**DATA SUPPLIED:**
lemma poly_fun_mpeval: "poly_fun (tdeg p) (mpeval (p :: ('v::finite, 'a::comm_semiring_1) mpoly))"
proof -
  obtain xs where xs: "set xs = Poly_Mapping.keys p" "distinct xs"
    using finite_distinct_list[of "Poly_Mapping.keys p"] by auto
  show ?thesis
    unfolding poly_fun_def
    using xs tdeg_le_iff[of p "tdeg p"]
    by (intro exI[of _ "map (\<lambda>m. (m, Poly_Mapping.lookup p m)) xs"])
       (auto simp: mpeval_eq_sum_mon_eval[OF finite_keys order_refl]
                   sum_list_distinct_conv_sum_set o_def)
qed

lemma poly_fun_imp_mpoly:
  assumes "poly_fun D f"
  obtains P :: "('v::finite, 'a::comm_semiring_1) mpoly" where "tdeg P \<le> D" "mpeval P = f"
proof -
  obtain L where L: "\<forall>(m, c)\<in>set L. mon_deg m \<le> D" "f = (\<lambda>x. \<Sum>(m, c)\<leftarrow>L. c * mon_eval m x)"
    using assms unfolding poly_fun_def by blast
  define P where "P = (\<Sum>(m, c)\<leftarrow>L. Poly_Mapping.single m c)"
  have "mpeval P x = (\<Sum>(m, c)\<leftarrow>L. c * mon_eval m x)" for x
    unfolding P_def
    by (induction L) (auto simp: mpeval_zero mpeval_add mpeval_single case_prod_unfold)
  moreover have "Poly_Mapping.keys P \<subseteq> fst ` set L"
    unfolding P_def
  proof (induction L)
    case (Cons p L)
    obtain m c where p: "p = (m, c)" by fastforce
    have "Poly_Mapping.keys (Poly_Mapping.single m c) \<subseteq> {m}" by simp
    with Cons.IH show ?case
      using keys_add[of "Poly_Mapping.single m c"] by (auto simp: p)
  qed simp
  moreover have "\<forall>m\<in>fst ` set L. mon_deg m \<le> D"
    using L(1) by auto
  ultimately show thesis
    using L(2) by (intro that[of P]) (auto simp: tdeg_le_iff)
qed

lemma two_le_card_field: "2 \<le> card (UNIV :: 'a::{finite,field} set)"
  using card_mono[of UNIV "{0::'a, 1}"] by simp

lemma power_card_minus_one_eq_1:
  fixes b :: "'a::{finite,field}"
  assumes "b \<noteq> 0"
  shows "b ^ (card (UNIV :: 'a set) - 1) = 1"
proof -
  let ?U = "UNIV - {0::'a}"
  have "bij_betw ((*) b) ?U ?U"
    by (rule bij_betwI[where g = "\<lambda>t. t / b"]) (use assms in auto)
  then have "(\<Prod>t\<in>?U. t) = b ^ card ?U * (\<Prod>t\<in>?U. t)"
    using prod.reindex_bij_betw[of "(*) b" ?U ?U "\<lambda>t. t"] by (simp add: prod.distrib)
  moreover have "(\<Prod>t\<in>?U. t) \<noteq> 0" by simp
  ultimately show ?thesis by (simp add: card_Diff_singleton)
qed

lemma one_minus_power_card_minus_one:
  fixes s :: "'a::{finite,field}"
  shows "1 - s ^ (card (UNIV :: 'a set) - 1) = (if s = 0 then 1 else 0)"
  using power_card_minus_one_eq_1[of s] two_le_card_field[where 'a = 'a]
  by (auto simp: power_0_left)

---

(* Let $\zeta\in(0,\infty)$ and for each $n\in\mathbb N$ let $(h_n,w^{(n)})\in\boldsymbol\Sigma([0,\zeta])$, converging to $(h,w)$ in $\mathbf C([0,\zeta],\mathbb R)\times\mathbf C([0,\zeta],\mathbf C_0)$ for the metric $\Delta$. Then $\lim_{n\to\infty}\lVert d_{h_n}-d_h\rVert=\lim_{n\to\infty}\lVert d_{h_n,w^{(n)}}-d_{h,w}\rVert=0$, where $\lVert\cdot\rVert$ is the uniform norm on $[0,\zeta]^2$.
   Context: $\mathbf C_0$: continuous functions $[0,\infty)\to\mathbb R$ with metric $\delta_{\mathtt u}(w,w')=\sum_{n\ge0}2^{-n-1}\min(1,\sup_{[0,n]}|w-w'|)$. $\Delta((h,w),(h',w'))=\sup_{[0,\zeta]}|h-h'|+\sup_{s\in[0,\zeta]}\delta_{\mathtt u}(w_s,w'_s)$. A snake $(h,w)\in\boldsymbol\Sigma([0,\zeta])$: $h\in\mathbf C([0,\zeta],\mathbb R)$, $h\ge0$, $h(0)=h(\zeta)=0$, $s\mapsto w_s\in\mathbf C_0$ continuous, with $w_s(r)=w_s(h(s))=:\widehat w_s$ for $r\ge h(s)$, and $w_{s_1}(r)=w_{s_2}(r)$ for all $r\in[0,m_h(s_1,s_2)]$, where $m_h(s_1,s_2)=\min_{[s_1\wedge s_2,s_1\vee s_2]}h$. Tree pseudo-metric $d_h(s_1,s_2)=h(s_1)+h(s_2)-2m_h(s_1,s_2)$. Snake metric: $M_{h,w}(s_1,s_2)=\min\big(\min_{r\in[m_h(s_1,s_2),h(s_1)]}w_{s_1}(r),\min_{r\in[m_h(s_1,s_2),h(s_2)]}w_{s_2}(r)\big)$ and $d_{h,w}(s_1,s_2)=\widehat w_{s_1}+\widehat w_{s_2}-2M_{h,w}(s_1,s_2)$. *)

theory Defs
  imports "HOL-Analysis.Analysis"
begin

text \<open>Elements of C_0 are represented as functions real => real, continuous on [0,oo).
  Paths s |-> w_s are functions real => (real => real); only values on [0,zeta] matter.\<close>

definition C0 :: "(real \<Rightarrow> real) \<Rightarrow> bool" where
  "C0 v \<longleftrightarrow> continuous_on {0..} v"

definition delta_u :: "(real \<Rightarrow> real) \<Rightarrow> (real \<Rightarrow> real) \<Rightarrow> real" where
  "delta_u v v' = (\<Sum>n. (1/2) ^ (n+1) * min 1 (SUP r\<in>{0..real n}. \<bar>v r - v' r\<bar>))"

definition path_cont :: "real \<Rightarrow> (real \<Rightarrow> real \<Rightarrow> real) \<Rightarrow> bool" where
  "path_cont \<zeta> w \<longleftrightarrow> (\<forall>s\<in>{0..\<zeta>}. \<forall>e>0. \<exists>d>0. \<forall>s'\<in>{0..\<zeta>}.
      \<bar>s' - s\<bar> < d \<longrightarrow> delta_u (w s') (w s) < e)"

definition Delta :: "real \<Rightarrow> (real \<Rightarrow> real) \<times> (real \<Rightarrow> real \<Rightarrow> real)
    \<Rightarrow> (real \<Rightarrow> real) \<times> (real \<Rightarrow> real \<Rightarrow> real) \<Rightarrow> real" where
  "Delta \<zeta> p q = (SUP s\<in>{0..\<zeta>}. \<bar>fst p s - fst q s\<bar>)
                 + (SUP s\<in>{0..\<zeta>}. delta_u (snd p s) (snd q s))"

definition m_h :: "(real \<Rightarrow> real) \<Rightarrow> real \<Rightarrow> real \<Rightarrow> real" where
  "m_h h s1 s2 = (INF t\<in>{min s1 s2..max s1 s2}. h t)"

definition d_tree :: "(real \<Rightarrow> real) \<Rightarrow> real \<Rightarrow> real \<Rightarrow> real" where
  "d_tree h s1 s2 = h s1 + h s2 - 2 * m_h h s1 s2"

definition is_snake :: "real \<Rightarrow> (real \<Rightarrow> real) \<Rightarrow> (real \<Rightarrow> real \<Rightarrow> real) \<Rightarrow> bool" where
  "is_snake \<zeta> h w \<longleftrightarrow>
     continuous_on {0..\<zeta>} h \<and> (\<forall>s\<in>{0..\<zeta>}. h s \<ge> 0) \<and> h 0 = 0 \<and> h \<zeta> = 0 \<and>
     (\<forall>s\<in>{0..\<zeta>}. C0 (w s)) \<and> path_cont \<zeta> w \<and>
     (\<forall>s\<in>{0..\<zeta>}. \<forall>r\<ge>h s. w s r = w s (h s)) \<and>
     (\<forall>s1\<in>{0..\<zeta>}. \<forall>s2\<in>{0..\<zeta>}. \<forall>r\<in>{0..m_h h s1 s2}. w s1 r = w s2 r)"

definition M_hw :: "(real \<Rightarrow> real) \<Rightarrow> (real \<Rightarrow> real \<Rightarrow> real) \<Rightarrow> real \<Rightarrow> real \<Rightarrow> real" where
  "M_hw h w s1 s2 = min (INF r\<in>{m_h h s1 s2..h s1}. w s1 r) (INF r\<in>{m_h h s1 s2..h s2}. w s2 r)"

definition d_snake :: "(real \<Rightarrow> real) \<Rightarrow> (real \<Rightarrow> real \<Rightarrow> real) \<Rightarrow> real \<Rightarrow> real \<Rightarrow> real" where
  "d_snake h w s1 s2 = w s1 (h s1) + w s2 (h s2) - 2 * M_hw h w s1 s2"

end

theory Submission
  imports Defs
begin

**REQUIRED WORK:** Your task is to report how many lines of the material include the string "induction". Give the number and no other words.

**WRITTEN SOLUTION:** 2